Les six pays de la Communauté économique et monétaire de l'Afrique centrale (CEMAC) disposent désormais d'un QR Code de paiement commun. Lancé le 30 juillet 2026 à Douala par la Banque des États de l'Afrique centrale (BEAC) et le Groupement interbancaire monétique de l'Afrique centrale (GIMAC), ce dispositif permet d'utiliser un même QR Code au sein des banques, des établissements de microfinance et des services de paiement agréés dans toute la sous-région. Derrière cette évolution se trouve la volonté de lever les barrières qui empêchaient jusqu'ici les paiements électroniques de circuler librement entre le Cameroun, le Gabon, le Congo, le Tchad, la République centrafricaine et la Guinée équatoriale.
Selon les informations communiquées par la BEAC et le GIMAC lors de la cérémonie présidée par le gouverneur Yvon Sana Bangui, un commerçant n'aura désormais besoin que d'un seul QR Code pour recevoir des paiements provenant de différents établissements financiers. De son côté, un client pourra régler ses achats à l'aide de l'application de sa banque ou de son prestataire de services de paiement, sans être limité par le système utilisé par le commerçant.
Jusqu'à présent, chaque banque, opérateur de mobile money ou fintech développait son propre QR Code. Cette absence de norme commune empêchait les différents réseaux de communiquer entre eux. En pratique, un utilisateur d'un service de paiement pouvait se retrouver dans l'impossibilité de régler un commerçant utilisant une autre plateforme, tandis que certaines cartes bancaires fonctionnaient difficilement en dehors de leur marché national. L'adoption d'un standard communautaire vise précisément à mettre fin à cette fragmentation des moyens de paiement.

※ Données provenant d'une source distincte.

definition u_kernel :: "nat \<Rightarrow> nat \<Rightarrow> real
    \<Rightarrow> (nat \<Rightarrow> nat) \<Rightarrow> (nat \<Rightarrow> nat) \<Rightarrow> (nat \<Rightarrow> nat) \<Rightarrow> real" where
  "u_kernel K L a u x x0 =
     (\<Prod>l<L. if x l \<noteq> x0 l then (if u l = x l then 1 else 0)
             else (if u l = x0 l then 1 else a) / (1 + (real K - 1) * a))"

text \<open>Joint law of (X_{t_0},...,X_{t_n}) produced by the remasked AUDM sampler:
  the auxiliary variables U_{t_0..t_n} and X_0' (one per step i<n) are marginalised out.\<close>
definition sampler_law :: "nat \<Rightarrow> nat \<Rightarrow> (real \<Rightarrow> real) \<Rightarrow> ((nat \<Rightarrow> nat) \<Rightarrow> real)
    \<Rightarrow> nat \<Rightarrow> (nat \<Rightarrow> real) \<Rightarrow> (nat \<Rightarrow> (nat \<Rightarrow> nat)) \<Rightarrow> real" where
  "sampler_law K L \<alpha> p0 n ts xs =
     (\<Sum>us\<in>{0..n} \<rightarrow>\<^sub>E Xsp K L. \<Sum>x0s\<in>{0..<n} \<rightarrow>\<^sub>E Xsp K L.
        (1 / real (card (Xsp K L))) * p_abs K L \<alpha> p0 (ts n) (xs n) (us n) *
        (\<Prod>i<n. den_abs K L \<alpha> p0 (ts (Suc i)) (x0s i) (xs (Suc i)) (us (Suc i))
               * bridge_udm K L \<alpha> (ts i) (ts (Suc i)) (xs i) (x0s i) (xs (Suc i))
               * u_kernel K L (\<alpha> (ts i)) (us i) (xs i) (x0s i)))"

end

theory Submission
  imports Defs
begin

(* Work backwards along the grid with the joint weight of (X_{t_k}, U_{t_k}). The sampler keeps
   the invariant that this pair has weight p_{t_k}(x | u) / K^L, i.e. U uniform and X drawn from
   the absorbing lifting: one step maps the weight p_t(x_t | u) / K^L to
   q_{t|s}(x_t | x_s) p_s(x_s | u') / K^L. This combines Bayes' rule for the noise-conditioned
   denoiser, the Markov identity q_{s|0,t} q_{t|0} = q_{t|s} q_{s|0} for the bridge, and the fact
   that a UDM transition followed by remasking is the absorbing lifting with uniform noise.
   Summing out U_{t_0} (sum_u p_t(x | u) = K^L p_t(x)) leaves p_{t_0}(x_{t_0}) prod_i q_{t_i|t_{i-1}},
   the forward-chain law, which telescopes into the reverse-chain law. *)

lemma sum_PiE_insert:
  assumes "a \<notin> A"
  shows "(\<Sum>f\<in>PiE (insert a A) B. g f) = (\<Sum>x\<in>B a. \<Sum>f\<in>PiE A B. g (f(a := x)))"
proof -
  have "(\<Sum>f\<in>PiE (insert a A) B. g f) = (\<Sum>p\<in>B a \<times> PiE A B. g ((\<lambda>(y, h). h(a := y)) p))"
    unfolding PiE_insert_eq by (subst sum.reindex[OF inj_combinator[OF assms]]) simp
  also have "\<dots> = (\<Sum>x\<in>B a. \<Sum>f\<in>PiE A B. g (f(a := x)))"
    by (simp add: sum.cartesian_product split_beta)
  finally show ?thesis .
qed

lemma sum_PiE_chain_peel:
  fixes h :: "'s \<Rightarrow> 'a::comm_semiring_1"
  shows "(\<Sum>us\<in>{0..Suc n} \<rightarrow>\<^sub>E S. \<Sum>ys\<in>{0..<Suc n} \<rightarrow>\<^sub>E T.
            h (us (Suc n)) * (\<Prod>i<Suc n. F i (us (Suc i)) (ys i) (us i)))
       = (\<Sum>us\<in>{0..n} \<rightarrow>\<^sub>E S. \<Sum>ys\<in>{0..<n} \<rightarrow>\<^sub>E T.
            (\<Sum>u\<in>S. \<Sum>y\<in>T. h u * F n u y (us n)) * (\<Prod>i<n. F i (us (Suc i)) (ys i) (us i)))"
proof -
  let ?P = "\<lambda>us ys. \<Prod>i<n. F i (us (Suc i)) (ys i) (us i)"
  have "{0..Suc n} = insert (Suc n) {0..n}" "{0..<Suc n} = insert n {0..<n}" by auto
  then have "(\<Sum>us\<in>{0..Suc n} \<rightarrow>\<^sub>E S. \<Sum>ys\<in>{0..<Suc n} \<rightarrow>\<^sub>E T.
            h (us (Suc n)) * (\<Prod>i<Suc n. F i (us (Suc i)) (ys i) (us i)))
      = (\<Sum>u\<in>S. \<Sum>us\<in>{0..n} \<rightarrow>\<^sub>E S. \<Sum>y\<in>T. \<Sum>ys\<in>{0..<n} \<rightarrow>\<^sub>E T. h u * F n u y (us n) * ?P us ys)"
    by (simp add: sum_PiE_insert lessThan_Suc mult_ac)
  also have "\<dots> = (\<Sum>us\<in>{0..n} \<rightarrow>\<^sub>E S. \<Sum>ys\<in>{0..<n} \<rightarrow>\<^sub>E T. \<Sum>u\<in>S. \<Sum>y\<in>T. h u * F n u y (us n) * ?P us ys)"
    by (subst sum.swap) (intro sum.cong refl trans[OF sum.swap])
  finally show ?thesis by (simp add: sum_distrib_right)
qed

lemma sum_PiE_chain:
  fixes g :: "nat \<Rightarrow> 's \<Rightarrow> 'a::comm_semiring_1"
  assumes step: "\<And>k v. k < n \<Longrightarrow> v \<in> S \<Longrightarrow> (\<Sum>u\<in>S. \<Sum>y\<in>T. g (Suc k) u * F k u y v) = g k v"
  shows "(\<Sum>us\<in>{0..n} \<rightarrow>\<^sub>E S. \<Sum>ys\<in>{0..<n} \<rightarrow>\<^sub>E T.
            g n (us n) * (\<Prod>i<n. F i (us (Suc i)) (ys i) (us i)))
       = (\<Sum>u\<in>S. g 0 u)"
  using step
proof (induction n)
  case 0
  show ?case
    using sum_PiE_insert[where a=0 and A="{}" and B="\<lambda>_. S" and g="\<lambda>us. g 0 (us 0)"] by simp
next
  case (Suc n)
  have "(\<Sum>us\<in>{0..Suc n} \<rightarrow>\<^sub>E S. \<Sum>ys\<in>{0..<Suc n} \<rightarrow>\<^sub>E T.
            g (Suc n) (us (Suc n)) * (\<Prod>i<Suc n. F i (us (Suc i)) (ys i) (us i)))
      = (\<Sum>us\<in>{0..n} \<rightarrow>\<^sub>E S. \<Sum>ys\<in>{0..<n} \<rightarrow>\<^sub>E T.
            g n (us n) * (\<Prod>i<n. F i (us (Suc i)) (ys i) (us i)))"
    unfolding sum_PiE_chain_peel using Suc.prems by (intro sum.cong refl) (auto simp: PiE_iff)
  also have "\<dots> = (\<Sum>u\<in>S. g 0 u)"
    using Suc by simp
  finally show ?case .
qed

Une infrastructure pensée pour le marché régional
Pour la banque centrale, cette normalisation dépasse la seule dimension technologique. Elle constitue également un levier d'intégration économique. Le gouverneur de la BEAC a ainsi estimé que " l'utilisation du QR Code induit un potentiel de transformation sans précédent de l'écosystème financier de notre zone communautaire, en garantissant davantage d'interopérabilité, en simplifiant les transactions quotidiennes et en créant les conditions d'une meilleure intégration économique entre les États membres ".
Les premiers résultats sont déjà visibles. Selon les données présentées par le GIMAC, la phase pilote menée au Gabon a permis de rendre près de trois millions de portefeuilles électroniques compatibles avec cette technologie. Environ 2 000 QR Codes y sont déjà utilisés. À l'échelle de la CEMAC, 24 institutions exploitent actuellement cette solution, tandis qu'une trentaine d'autres projets sont en cours de déploiement. L'objectif affiché est d'atteindre 20 000 QR Codes avant la fin de 2026, puis 120 000 en 2027.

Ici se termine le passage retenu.